Saved data entries
lemma two_term_Holder_eq:
  fixes p A B :: real
  assumes p: "p > 1" and A: "0 < A" and B: "0 \<le> B"
  defines "S \<equiv> A powr p + B powr p"
  shows "(A powr p / S) powr (1 - 1/p) * A + (B powr p / S) powr (1 - 1/p) * B = S powr (1/p)"
proof -
  have S: "S > 0" using A B by (simp add: S_def add_pos_nonneg)
  have scaled: "(X powr p / S) powr (1 - 1/p) * X = X powr p / S powr (1 - 1/p)" if "0 \<le> X" for X
  proof (cases "X = 0")
    case False
    then have "(X powr p / S) powr (1 - 1/p) * X = X powr (p * (1 - 1/p) + 1) / S powr (1 - 1/p)"
      using that S by (simp add: powr_divide powr_powr powr_add)
    also have "p * (1 - 1/p) + 1 = p" using p by (simp add: field_simps)
    finally show ?thesis .
  qed simp
  have "(A powr p / S) powr (1 - 1/p) * A + (B powr p / S) powr (1 - 1/p) * B = S / S powr (1 - 1/p)"
    unfolding scaled[OF less_imp_le[OF A]] scaled[OF B] by (simp add: S_def add_divide_distrib)
  also have "\<dots> = S powr (1 - (1 - 1/p))" using S by (simp add: powr_diff)
  also have "\<dots> = S powr (1/p)" by simp
  finally show ?thesis .
qed

lemma abs_ln_add_le:
  fixes a I n :: real
  assumes "0 < a" "a \<le> I" "0 \<le> n"
  shows "\<bar>ln (I + n) - ln I\<bar> \<le> n / a"
proof -
  have "1 + n / I = (I + n) / I" using assms by (simp add: field_simps)
  then have "ln (I + n) - ln I = ln (1 + n / I)" using assms by (simp add: ln_div)
  moreover have "0 \<le> ln (1 + n / I)" using assms by simp
  moreover have "ln (1 + n / I) \<le> n / I" using assms by (intro ln_add_one_self_le_self) simp
  moreover have "n / I \<le> n / a" using assms by (intro divide_left_mono) auto
  ultimately show ?thesis by simp
qed

lemma integrable_mult_bounded_factor:
  fixes f h :: "'a \<Rightarrow> 'b \<Rightarrow> real"
  assumes f: "integrable (M1 \<Otimes>\<^sub>M M2) (\<lambda>(x, y). f x y)"
    and h: "(\<lambda>(x, y). h x y) \<in> borel_measurable (M1 \<Otimes>\<^sub>M M2)"
    and bound: "\<And>x y. x \<in> space M1 \<Longrightarrow> y \<in> space M2 \<Longrightarrow> \<bar>h x y\<bar> \<le> 1"
  shows "integrable (M1 \<Otimes>\<^sub>M M2) (\<lambda>(x, y). h x y * f x y)"
proof (rule Bochner_Integration.integrable_bound[OF f])
  show "(\<lambda>(x, y). h x y * f x y) \<in> borel_measurable (M1 \<Otimes>\<^sub>M M2)" using f h by measurable
  show "AE z in M1 \<Otimes>\<^sub>M M2. norm ((\<lambda>(x, y). h x y * f x y) z) \<le> norm ((\<lambda>(x, y). f x y) z)"
    using bound
    by (intro AE_I2) (auto simp: space_pair_measure abs_mult intro!: mult_left_le_one_le)
qed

• **Problem to solve**:
Reproduce exactly every line that sits between the start of the entries and the line bearing "fixes a I n :: real", counting both of those lines.

• **Written reply**:
lemma two_term_Holder_eq:
  fixes p A B :: real
  assumes p: "p > 1" and A: "0 < A" and B: "0 \<le> B"
  defines "S \<equiv> A powr p + B powr p"
  shows "(A powr p / S) powr (1 - 1/p) * A + (B powr p / S) powr (1 - 1/p) * B = S powr (1/p)"
proof -
  have S: "S > 0" using A B by (simp add: S_def add_pos_nonneg)
  have scaled: "(X powr p / S) powr (1 - 1/p) * X = X powr p / S powr (1 - 1/p)" if "0 \<le> X" for X
  proof (cases "X = 0")
    case False
    then have "(X powr p / S) powr (1 - 1/p) * X = X powr (p * (1 - 1/p) + 1) / S powr (1 - 1/p)"
      using that S by (simp add: powr_divide powr_powr powr_add)
    also have "p * (1 - 1/p) + 1 = p" using p by (simp add: field_simps)
    finally show ?thesis .
  qed simp
  have "(A powr p / S) powr (1 - 1/p) * A + (B powr p / S) powr (1 - 1/p) * B = S / S powr (1 - 1/p)"
    unfolding scaled[OF less_imp_le[OF A]] scaled[OF B] by (simp add: S_def add_divide_distrib)
  also have "\<dots> = S powr (1 - (1 - 1/p))" using S by (simp add: powr_diff)
  also have "\<dots> = S powr (1/p)" by simp
  finally show ?thesis .
qed

lemma abs_ln_add_le:
  fixes a I n :: real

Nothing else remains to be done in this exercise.